Pinching Pennies

(or why I unsubscribed from an email list)

It started innocuously enough.

I was looking for ideas about how to outline a novel, and I came across an outlining method that looked promising. It was in the days before this particular writer morphed into the marketing machine she was destined to become, so I actually paid for the product, gave her my email address, and in no time, the information I had paid for was sent to me.

It was transactional, and it was great. I had what I wanted — a system for outlining — and she had what she wanted — $15.

The honeymoon phase

Initially, my obligations as a reader of her emails were easy to meet. I got an email here or there on the topic of writing. The emails were like the occasional drop of rain on a windshield while driving. You didn’t even need to bother to turn on the wipers.

Little did I know that a change was afoot, and in due time, I would get a blizzard of emails, that would be more like driving in a late winter Michigan snowstorm.

But at this point, it was still a drop of information here, a drop of information there. Nothing that took up a lot of my time or caused me undue stress, so I didn’t unsubscribe.

But then something happened.

Marketing Camp

I know the writer didn’t see it this way, but I’m not talking about how it looked from her perch creating email campaigns; I am talking about the view from my inbox.

After a couple of years of the occasional, on-point email, with some breaks in-between, something changed, and I started getting numerous emails, and the campaigns were neverending.

The one or two emails a week morphed into anywhere between one to seven a day, but there wasn’t a particular schedule. The emails themselves were slapdash and messy. Sometimes the links she meant to send were done incorrectly, necessitating — you guessed it — another email.

In addition to the friendly missives, there were now “you’ve been selected” surveys to complete so she could develop new “courses,” and in those surveys there were always at least two questions to determine the target price for whatever “service” she would be offering.

It was more than a little overwhelming, and no doubt in one of the surveys she sent out, I probably mentioned that she might want to look at cutting back on the number of emails she sent. Eventually she did offer an option to receive a reduced number, but like the marketing addict/whiz that she is, she couldn’t quit, and even the “reduced calorie” email list offerings soon came as fast and furious as the previous option I had been on.

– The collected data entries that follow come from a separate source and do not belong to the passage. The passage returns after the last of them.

lemma borel_measurable_pol:
  assumes "q \<in> B" "s \<in> S"
  shows "q s \<in> borel_measurable (pol s)"
proof -
  have "(\<lambda>(s, a). q s a) \<in> borel_measurable (restrict_space borel S \<Otimes>\<^sub>M restrict_space borel A)"
    using assms(1) bfun_SA_iff measurable_restrict_borel_Times by blast
  then have "(\<lambda>a. (\<lambda>(s, a). q s a) (s, a)) \<in> borel_measurable (restrict_space borel A)"
    by (rule measurable_Pair2) (use assms(2) in \<open>simp add: space_restrict_space\<close>)
  moreover have "pol s \<rightarrow>\<^sub>M borel = restrict_space borel A \<rightarrow>\<^sub>M (borel :: real measure)"
    by (rule measurable_cong_sets) (simp_all add: pol_in_prob_algebra assms(2))
  ultimately show ?thesis by simp
qed

lemma integrable_pol:
  assumes "q \<in> B" "s \<in> S"
  shows "integrable (pol s) (q s)"
proof -
  interpret prob_space "pol s" using pol_in_prob_algebra assms(2) by blast
  obtain M where "\<forall>s\<in>S. \<forall>a\<in>A. \<bar>q s a\<bar> \<le> M" using assms(1) bfun_SA_iff by metis
  then show ?thesis
    using borel_measurable_pol[OF assms] pol_in_prob_algebra(3)[OF assms(2)] assms(2)
    by (intro integrable_const_bound[where B = M]) auto
qed

lemma policy_average_measurable:
  assumes "q \<in> B"
  shows "(\<lambda>s'. \<integral>a'. q s' a' \<partial>pol s') \<in> borel_measurable (restrict_space borel S)"
proof -
  have [measurable]: "(\<lambda>(s, a). q s a) \<in> borel_measurable (restrict_space borel S \<Otimes>\<^sub>M restrict_space borel A)"
    using assms bfun_SA_iff measurable_restrict_borel_Times by blast
  note pol [measurable] = measurable_prob_algebraD[OF measurable_pol]
  \<comment> \<open>Only parametrised nonnegative integrals are known to be measurable, so split q into
    its positive and negative parts.\<close>
  have "(\<lambda>s'. \<integral>\<^sup>+a'. ennreal (q s' a') \<partial>pol s') \<in> borel_measurable (restrict_space borel S)"
    "(\<lambda>s'. \<integral>\<^sup>+a'. ennreal (- q s' a') \<partial>pol s') \<in> borel_measurable (restrict_space borel S)"
    by (intro nn_integral_measurable_subprob_algebra2[OF _ pol]; measurable)+
  then have "(\<lambda>s'. enn2real (\<integral>\<^sup>+a'. ennreal (q s' a') \<partial>pol s') - enn2real (\<integral>\<^sup>+a'. ennreal (- q s' a') \<partial>pol s'))
     \<in> borel_measurable (restrict_space borel S)" by measurable
  then show ?thesis
  proof (rule measurable_cong[THEN iffD1, rotated])
    fix s' assume "s' \<in> space (restrict_space borel S)"
    then have "integrable (pol s') (q s')"
      using integrable_pol[OF assms] by (simp add: space_restrict_space)
    then show "enn2real (\<integral>\<^sup>+a'. ennreal (q s' a') \<partial>pol s') - enn2real (\<integral>\<^sup>+a'. ennreal (- q s' a') \<partial>pol s')
        = (\<integral>a'. q s' a' \<partial>pol s')"
      by (rule real_lebesgue_integral_def[symmetric])
  qed
qed


lemma abs_policy_average_le:
  assumes "q \<in> B" "s \<in> S" "\<forall>s\<in>S. \<forall>a\<in>A. \<bar>q s a\<bar> \<le> M"
  shows "\<bar>\<integral>a. q s a \<partial>pol s\<bar> \<le> M"
  by (rule prob_space.abs_integral_le_const)
    (use assms pol_in_prob_algebra[OF assms(2)] borel_measurable_pol[OF assms(1,2)] in auto)

lemma borel_measurable_P:
  fixes g :: "'s \<Rightarrow> real"
  assumes "g \<in> borel_measurable (restrict_space borel S)" "s \<in> S" "a \<in> A"
  shows "g \<in> borel_measurable (P s a)"
proof -
  have "P s a \<rightarrow>\<^sub>M borel = restrict_space borel S \<rightarrow>\<^sub>M (borel :: real measure)"
    by (rule measurable_cong_sets) (simp_all add: P_in_prob_algebra assms(2,3))
  then show ?thesis using assms(1) by simp
qed

lemma integrable_P:
  assumes "q \<in> B" "s \<in> S" "a \<in> A"
  shows "integrable (P s a) (\<lambda>s'. \<integral>a'. q s' a' \<partial>pol s')"
proof -
  interpret prob_space "P s a" using P_in_prob_algebra assms(2,3) by blast
  obtain M where "\<forall>s\<in>S. \<forall>a\<in>A. \<bar>q s a\<bar> \<le> M" using assms(1) bfun_SA_iff by metis
  then show ?thesis
    using borel_measurable_P[OF policy_average_measurable[OF assms(1)] assms(2,3)]
      abs_policy_average_le[OF assms(1)] P_in_prob_algebra(3)[OF assms(2,3)]
    by (intro integrable_const_bound[where B = M]) auto
qed

lemma abs_sa_step_le:
  assumes "q \<in> B" "\<forall>s\<in>S. \<forall>a\<in>A. \<bar>q s a\<bar> \<le> M" "s \<in> S" "a \<in> A"
  shows "\<bar>K q s a\<bar> \<le> M"
  unfolding sa_step_def
  by (rule prob_space.abs_integral_le_const)
    (use P_in_prob_algebra[OF assms(3,4)] abs_policy_average_le[OF assms(1) _ assms(2)]
      borel_measurable_P[OF policy_average_measurable[OF assms(1)] assms(3,4)] in auto)

lemma sa_step_bfun:
  assumes "q \<in> B"
  shows "K q \<in> B"
proof -
  obtain M where M: "\<forall>s\<in>S. \<forall>a\<in>A. \<bar>q s a\<bar> \<le> M" using assms bfun_SA_iff by metis
  have "(\<lambda>x. integral\<^sup>L ((\<lambda>(s, a). P s a) x) (\<lambda>s'. \<integral>a'. q s' a' \<partial>pol s'))
      \<in> borel_measurable (restrict_space borel (S \<times> A))"
    by (rule measurable_compose[OF measurable_prob_algebraD[OF measurable_P]
          integral_measurable_subprob_algebra[OF policy_average_measurable[OF assms]]])
  then have "(\<lambda>(s, a). K q s a) \<in> borel_measurable (restrict_space borel (S \<times> A))"
    by (simp add: sa_step_def case_prod_beta')
  then show ?thesis using abs_sa_step_le[OF assms M] bfun_SA_iff by blast
qed

lemma funpow_sa_step_bfun: "q \<in> B \<Longrightarrow> (K ^^ t) q \<in> B"
  by (induction t) (simp_all add: sa_step_bfun)

lemma abs_funpow_sa_step_le:
  assumes "q \<in> B" "\<forall>s\<in>S. \<forall>a\<in>A. \<bar>q s a\<bar> \<le> M" "s \<in> S" "a \<in> A"
  shows "\<bar>(K ^^ t) q s a\<bar> \<le> M"
  using assms(3,4)
proof (induction t arbitrary: s a)
  case 0
  then show ?case using assms(2) by simp
next
  case (Suc t)
  then show ?case
    using abs_sa_step_le[OF funpow_sa_step_bfun[OF assms(1)]] by simp
qed

lemma sa_step_cong:
  assumes "\<And>s a. s \<in> S \<Longrightarrow> a \<in> A \<Longrightarrow> q1 s a = q2 s a" "s \<in> S" "a \<in> A"
  shows "K q1 s a = K q2 s a"
  unfolding sa_step_def
  using assms P_in_prob_algebra[OF assms(2,3)] pol_in_prob_algebra
  by (intro Bochner_Integration.integral_cong) auto

lemma sa_step_const:
  assumes "s \<in> S" "a \<in> A"
  shows "K (\<lambda>_ _. c) s a = c"
proof -
  have "(\<integral>a'. c \<partial>pol s') = c" if "s' \<in> S" for s'
    using pol_in_prob_algebra(1)[OF that] by (simp add: prob_space.prob_space)
  then have "K (\<lambda>_ _. c) s a = (\<integral>s'. c \<partial>P s a)"
    unfolding sa_step_def using P_in_prob_algebra[OF assms]
    by (intro Bochner_Integration.integral_cong) auto
  also have "\<dots> = c"
    using prob_space.prob_space[OF P_in_prob_algebra(1)[OF assms]] by simp
  finally show ?thesis .
qed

There were “webinars” and “chats” and “subscriptions” and “discounts” and “deadlines for discounts” and seemingly endless emails about the value of an email list.

But the thing about marketing is that in order to sell someone on your “solution,” you first have to sell them on their “problem.”

My problem

My problem, it seemed, was that I didn’t have a vibrant enough email list. If I really wanted to “make it,” I needed to get one — stat! Once a person got onto my email list, I could legally bombard them with emails selling my products. Why, I could even use the people on my email list to develop my products!

Like the author of the email in my inbox, I would learn how to “create a solution” to my reader’s “problem.” My reader would be so grateful, he or she would happily buy the proffered “solution.”

But it turned out for me that my real “problem” was that I was getting anywhere from 2–7 emails a day. I was on constant blast. If I read every come-on sent my way, I wouldn’t have time to do that which I set out to do: write.

Then, one day as she was getting ready to close out one of her sales pitches that would net her approximately $120,000 in revenue for 2020, I received an onslaught of emails unlike any I had received before.

Stop the insanity

Her life has become a theater, and according to all I have read in the assorted emails, a very lucrative theater, but it was at this point in the show that I decided I had to leave.

In economics it’s called “the sunk cost fallacy,” and it is provides a framework for understanding why we keep doing something when we know we should walk away.

Because we have invested so much time, money, or effort, we keep thinking that one day it will pay off, so we keep investing despite having gotten no return on our investment.

But like the email list marketing maven I have followed for years, I too have a life to live and creating “freebies,” doing A/B testing, and sending out thousands of emails to virtual strangers is not how I want to spend it.

And while I have certainly encountered this kind of marketing before, this was the first time I experienced the transformation in my inbox, and it was a little disheartening.

At its core, the whole “you need an email list” is a kind of Ponzi scheme that robs you of your time, and I am old enough now, that time is my most valuable and valued asset, and so in a convoluted way, being on her email list did help me identify my problem.

So what is my problem?

My “problem” is that I don’t feel like I have enough time to do the things I want to do; my “solution” will be to unsubscribe to all but the most important email lists so that I make the best use of the time I have left.

If I have learned nothing this year, it’s that our time on this planet is a limited run, and so to every reader who has made it to this sentence, thank you for your time and consideration.